Direct-current resistance at 75°C

Resistance in ohms per 1000 feet, if working in feet

Resistance in ohms per 1000 meters, if working in meters

The Table 8 values are DC resistance values at 75°C. This makes Table 8 especially useful for DC voltage drop and for simple resistance-based voltage drop calculations. For more precise AC voltage drop, especially on large conductors or long runs, NEC Chapter 9, Table 9 is normally used because AC circuits also include reactance and impedance.

1. What Voltage Drop Means

Voltage drop is the voltage lost in the conductor because every conductor has resistance.

As current flows through the conductor, some voltage is used up pushing current through that resistance.

Basic idea:  E=I×R

Where:

E = voltage drop, in volts

I = current, in amperes

R = conductor resistance, in ohms

The longer the run, the more resistance.

The smaller the wire, the more resistance.

The more current flowing, the more voltage drop.

Another way to consider it is using DC circuit analysis.  You know that to find the total resistance of resistors wired in series you simply add the value of the resistors. The length of wire is a resistance and think of each foot of wire as a separate resistor. Each foot is “wired” in series with each other; therefore, the total resistance of the conductor is based on the resistance per foot times the number of feet.   
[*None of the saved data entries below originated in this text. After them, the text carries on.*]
(* There exist $\bar\tau\in(\tfrac12,1)$ and $\bar\rho,\bar R,\bar\phi,\bar\epsilon>0$ such that the following holds. Let $p,q\in\mathbb{H}^n\setminus\{0\}$, $t,\tilde t\ge1$, $R>1$, $T\ge t\tilde t$, $\epsilon\in(0,1)$, and $r\ge\tilde r\ge TR$ with $\tilde r\le\epsilon r$; suppose $q\in\partial_tB_r(p)$ and $0\in\partial_tB_r(p)\cap\partial_{\tilde t}B_{\tilde r}(q)$. Let $I(p)=\{i:\rho_i(p)<10T/r\}$. If $R>\bar R$, $\epsilon<\bar\epsilon$, $|\tau_p|\ge\bar\tau$ and $\max_{1\le i\le n}\phi_i(p,q)<\bar\phi$, then either there exists $i\notin I(p)$ with $\rho_i(q)<10T/\tilde r$, or $d(\hat p,\hat q)>\bar\rho$.
   Context: $\mathbb{H}^n=\mathbb{C}^n\times\mathbb{R}$ with product $(z,\tau)(w,\sigma)=(z+w,\tau+\sigma+\tfrac12\operatorname{Im}\langle z,w\rangle)$, $\langle z,w\rangle=\sum_j\overline{z_j}w_j$, identity $0$; dilations $\delta_\lambda(z,\tau)=(\lambda z,\lambda^2\tau)$; $d(p,q)=\inf\{r>0:\delta_{1/r}(pq^{-1})\in B_{eucl}\}$ ($B_{eucl}$ the closed Euclidean unit ball in $\mathbb{R}^{2n+1}$). $B_r(p)=\{y:d(y,p)\le r\}$, $\partial B_r(p)=\{y:d(y,p)=r\}$, $\partial_tB_r(p)=\{y:d(y,\partial B_r(p))\le t\}$. For $p\ne0$ let $\hat p=\delta_{1/d(p,0)}p=(z_p,\tau_p)$, so $\|z_p\|^2+\tau_p^2=1$; write $(z_p)_j=\rho_j(p)e^{i\phi_j(p)}$ with $\rho_j(p)\ge0$, $\phi_j(p)\in(-\pi,\pi]$. For $p,q\ne0$, $\phi_j(p,q)\in[0,\pi]$ is the magnitude of the angle between $e^{i\phi_j(p)}$ and $e^{i\phi_j(q)}$. *)

theory Defs
  imports "HOL-Analysis.Analysis"
begin

text \<open>Heisenberg group H^n = C^n x R; the dimension n is the cardinality of the finite index type 'n.\<close>
type_synonym 'n heis = "(complex ^ 'n) \<times> real"

definition hinner :: "complex ^ 'n::finite \<Rightarrow> complex ^ 'n \<Rightarrow> complex" where
  "hinner z w = (\<Sum>j\<in>UNIV. cnj (z $ j) * w $ j)"

definition hmult :: "'n::finite heis \<Rightarrow> 'n heis \<Rightarrow> 'n heis" where
  "hmult p q = (fst p + fst q, snd p + snd q + (1/2) * Im (hinner (fst p) (fst q)))"

definition hinv :: "'n::finite heis \<Rightarrow> 'n heis" where
  "hinv p = (- fst p, - snd p)"

definition hzero :: "'n::finite heis" where
  "hzero = (0, 0)"

definition hdil :: "real \<Rightarrow> 'n::finite heis \<Rightarrow> 'n heis" where
  "hdil l p = (l *\<^sub>R fst p, l\<^sup>2 * snd p)"

definition in_eucl_ball :: "'n::finite heis \<Rightarrow> bool" where
  "in_eucl_ball p \<longleftrightarrow> (\<Sum>j\<in>UNIV. (cmod (fst p $ j))\<^sup>2) + (snd p)\<^sup>2 \<le> 1"

definition hdist :: "'n::finite heis \<Rightarrow> 'n heis \<Rightarrow> real" where
  "hdist p q = Inf {r. r > 0 \<and> in_eucl_ball (hdil (1/r) (hmult p (hinv q)))}"

definition hsphere :: "real \<Rightarrow> 'n::finite heis \<Rightarrow> 'n heis set" where
  "hsphere r p = {y. hdist y p = r}"

definition hsetdist :: "'n::finite heis \<Rightarrow> 'n heis set \<Rightarrow> real" where
  "hsetdist y S = Inf ((\<lambda>x. hdist y x) ` S)"

definition hshell :: "real \<Rightarrow> real \<Rightarrow> 'n::finite heis \<Rightarrow> 'n heis set" where
  "hshell t r p = {y. hsetdist y (hsphere r p) \<le> t}"

definition hhat :: "'n::finite heis \<Rightarrow> 'n heis" where
  "hhat p = hdil (1 / hdist p hzero) p"

definition hrho :: "'n::finite heis \<Rightarrow> 'n \<Rightarrow> real" where
  "hrho p j = cmod (fst (hhat p) $ j)"

definition hphi :: "'n::finite heis \<Rightarrow> 'n \<Rightarrow> real" where
  "hphi p j = Arg (fst (hhat p) $ j)"

definition htau :: "'n::finite heis \<Rightarrow> real" where
  "htau p = snd (hhat p)"

text \<open>Magnitude in [0,pi] of the angle between e^{i phi_j(p)} and e^{i phi_j(q)}.\<close>
definition hphi2 :: "'n::finite heis \<Rightarrow> 'n heis \<Rightarrow> 'n \<Rightarrow> real" where
  "hphi2 p q j = arccos (cos (hphi p j - hphi q j))"

end

theory Submission
  imports Defs
begin

text \<open>
  Write \<open>p = (z, \<tau>)\<close> and \<open>q = (w, \<sigma>)\<close>. The gauge of \<open>(z, \<tau>)\<close> is the positive root \<open>N\<close> of
  \<open>|z|\<^sup>2 N\<^sup>2 + \<tau>\<^sup>2 = N\<^sup>4\<close>, so a point \<open>(y, h)\<close> lies on \<open>\<partial>B\<^sub>r(p)\<close> iff
  \<open>r\<^sup>4 = |z|\<^sup>2 r\<^sup>2 + \<tau>\<^sup>2 + L(y) + Q(y, h)\<close>, where \<open>L\<close> is linear in \<open>y\<close> and \<open>Q\<close> collects the
  remaining terms, the dominant one being \<open>-2\<tau>h\<close>. Pick \<open>y\<^sub>0, y\<^sub>1 \<in> \<partial>B\<^sub>r(p)\<close> within \<open>2t\<close> of
  \<open>0\<close> and of \<open>q\<close>; then \<open>|p| \<approx> r\<close> and \<open>|q| \<approx> r'\<close>.
  If both alternatives of the conclusion failed, then \<open>\<hat>q\<close> would be as close to the vertical axis
  as \<open>\<hat>p\<close> and on the same side, so \<open>\<tau>\<sigma> \<approx> r\<^sup>2 r'\<^sup>2\<close> and \<open>Q(y\<^sub>1) \<le> -1.8 r\<^sup>2 r'\<^sup>2\<close>, while
  \<open>Q(y\<^sub>0) \<approx> 0\<close>. In each coordinate either \<open>|z\<^sub>i| = O(T)\<close> or \<open>w\<^sub>i\<close> is large and almost parallel
  to \<open>z\<^sub>i\<close>; in both cases \<open>L(y\<^sub>1) - L(y\<^sub>0) \<le> O(r\<^sup>2 T t)\<close>, which is negligible because
  \<open>r' \<ge> 1000 (n + 1) T\<close>. So \<open>y\<^sub>0\<close> and \<open>y\<^sub>1\<close> cannot both lie on \<open>\<partial>B\<^sub>r(p)\<close>.
\<close>

section \<open>The gauge\<close>

definition hgauge :: "'n::finite heis \<Rightarrow> real" where
  "hgauge x = sqrt (((norm (fst x))\<^sup>2 + sqrt ((norm (fst x))^4 + 4 * (snd x)\<^sup>2)) / 2)"

lemma norm_vec_power2_eq_sum: "(norm (v :: complex ^ 'n::finite))\<^sup>2 = (\<Sum>j\<in>UNIV. (cmod (v $ j))\<^sup>2)"
  unfolding norm_vec_def L2_set_def by (simp add: sum_nonneg)

lemma quadratic_le_iff_root_le:
  fixes a b u :: real
  assumes "a \<ge> 0" "u > 0"
  shows "a * u + b\<^sup>2 \<le> u\<^sup>2 \<longleftrightarrow> (a + sqrt (a\<^sup>2 + 4 * b\<^sup>2)) / 2 \<le> u"
proof -
  define S where "S = sqrt (a\<^sup>2 + 4 * b\<^sup>2)"
  have "S\<^sup>2 = a\<^sup>2 + 4 * b\<^sup>2" unfolding S_def by simp
  then have factor: "u\<^sup>2 - a * u - b\<^sup>2 = (u - (a + S) / 2) * (u - (a - S) / 2)"
    by (simp add: field_simps power2_eq_square)
  have "a \<le> S" unfolding S_def by (rule real_le_rsqrt) simp
  then have "u - (a - S) / 2 > 0" using assms by simp
  then have "a * u + b\<^sup>2 \<le> u\<^sup>2 \<longleftrightarrow> u - (a + S) / 2 \<ge> 0"
    using factor by (smt (verit) zero_le_mult_iff)
  then show ?thesis unfolding S_def by simp
qed

lemma hgauge_nonneg: "hgauge x \<ge> 0"
  unfolding hgauge_def by simp

lemma hgauge_power2: "(hgauge x)\<^sup>2 = ((norm (fst x))\<^sup>2 + sqrt ((norm (fst x))^4 + 4 * (snd x)\<^sup>2)) / 2"
  unfolding hgauge_def by simp

lemma hgauge_le_iff:
  assumes "\<rho> > 0"
  shows "hgauge x \<le> \<rho> \<longleftrightarrow> (norm (fst x))\<^sup>2 * \<rho>\<^sup>2 + (snd x)\<^sup>2 \<le> \<rho>^4"
proof -
  have "hgauge x \<le> \<rho> \<longleftrightarrow> (hgauge x)\<^sup>2 \<le> \<rho>\<^sup>2"
    using abs_le_square_iff[of "hgauge x" \<rho>] hgauge_nonneg[of x] assms by simp
  also have "\<dots> \<longleftrightarrow> (norm (fst x))\<^sup>2 * \<rho>\<^sup>2 + (snd x)\<^sup>2 \<le> (\<rho>\<^sup>2)\<^sup>2"
    unfolding hgauge_power2 using quadratic_le_iff_root_le[of "(norm (fst x))\<^sup>2" "\<rho>\<^sup>2" "snd x"] assms
    by (simp add: power_mult_distrib power2_eq_square[of "(norm (fst x))\<^sup>2"] mult.commute)
  finally show ?thesis by (simp add: power2_eq_square power4_eq_xxxx mult.assoc)
qed

lemma in_eucl_ball_hdil_iff:
  assumes "\<rho> > 0"
  shows "in_eucl_ball (hdil (1/\<rho>) x) \<longleftrightarrow> hgauge x \<le> \<rho>"
proof -
  have "in_eucl_ball (hdil (1/\<rho>) x) \<longleftrightarrow> (norm ((1/\<rho>) *\<^sub>R fst x))\<^sup>2 + ((1/\<rho>)\<^sup>2 * snd x)\<^sup>2 \<le> 1"
    unfolding in_eucl_ball_def hdil_def fst_conv snd_conv norm_vec_power2_eq_sum ..
  also have "\<dots> \<longleftrightarrow> (norm (fst x))\<^sup>2 / \<rho>\<^sup>2 + (snd x)\<^sup>2 / \<rho>^4 \<le> 1"
    using assms by (simp add: power_mult_distrib power_divide)
  also have "\<dots> \<longleftrightarrow> ((norm (fst x))\<^sup>2 * \<rho>\<^sup>2 + (snd x)\<^sup>2) / \<rho>^4 \<le> 1"
    using assms by (simp add: add_divide_distrib eval_nat_numeral)
  also have "\<dots> \<longleftrightarrow> (norm (fst x))\<^sup>2 * \<rho>\<^sup>2 + (snd x)\<^sup>2 \<le> \<rho>^4"
    using assms by simp
  finally show ?thesis using hgauge_le_iff[OF assms, of x] by simp
qed

lemma hdist_eq_hgauge: "hdist p q = hgauge (hmult p (hinv q))"
proof -
  define m where "m = hgauge (hmult p (hinv q))"
  have "{r. r > 0 \<and> in_eucl_ball (hdil (1/r) (hmult p (hinv q)))} = {r. r > 0 \<and> m \<le> r}"
    using in_eucl_ball_hdil_iff unfolding m_def by blast
  also have "\<dots> = (if m = 0 then {0<..} else {m..})"
    using hgauge_nonneg[of "hmult p (hinv q)"] unfolding m_def by auto
  finally show ?thesis unfolding hdist_def m_def[symmetric] by simp
qed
Important NEC Design Guideline

The NEC commonly uses voltage drop as a design recommendation, not usually as a mandatory rule. The common NEC informational-note design target is:

Not more than 3% voltage drop on a branch circuit

Not more than 5% total voltage drop for feeder plus branch circuit

The only enforceable NEC voltage-drop limits are special-case rules. The normal 3% branch-circuit and 5% feeder-plus-branch values are design recommendations in Informational Notes, not general enforceable NEC requirements. NEC 90.5(C) says Informational Notes are informational only and are not enforceable as Code requirements.

Enforceable NEC voltage-drop requirements

 Information Needed Before Starting A Voltage Drop Caclulation

Before calculating voltage drop, gather the following:

System voltage: Example: 24 VDC, 120 V, 208 V, 240 V, 480 V

Load current: Use the actual load current when known.

Conductor material: Copper or aluminum.

Conductor size: Example: 8 AWG, 4 AWG, 1/0 AWG, 500 kcmil.

One-way circuit length: Use the one-way distance from source to load.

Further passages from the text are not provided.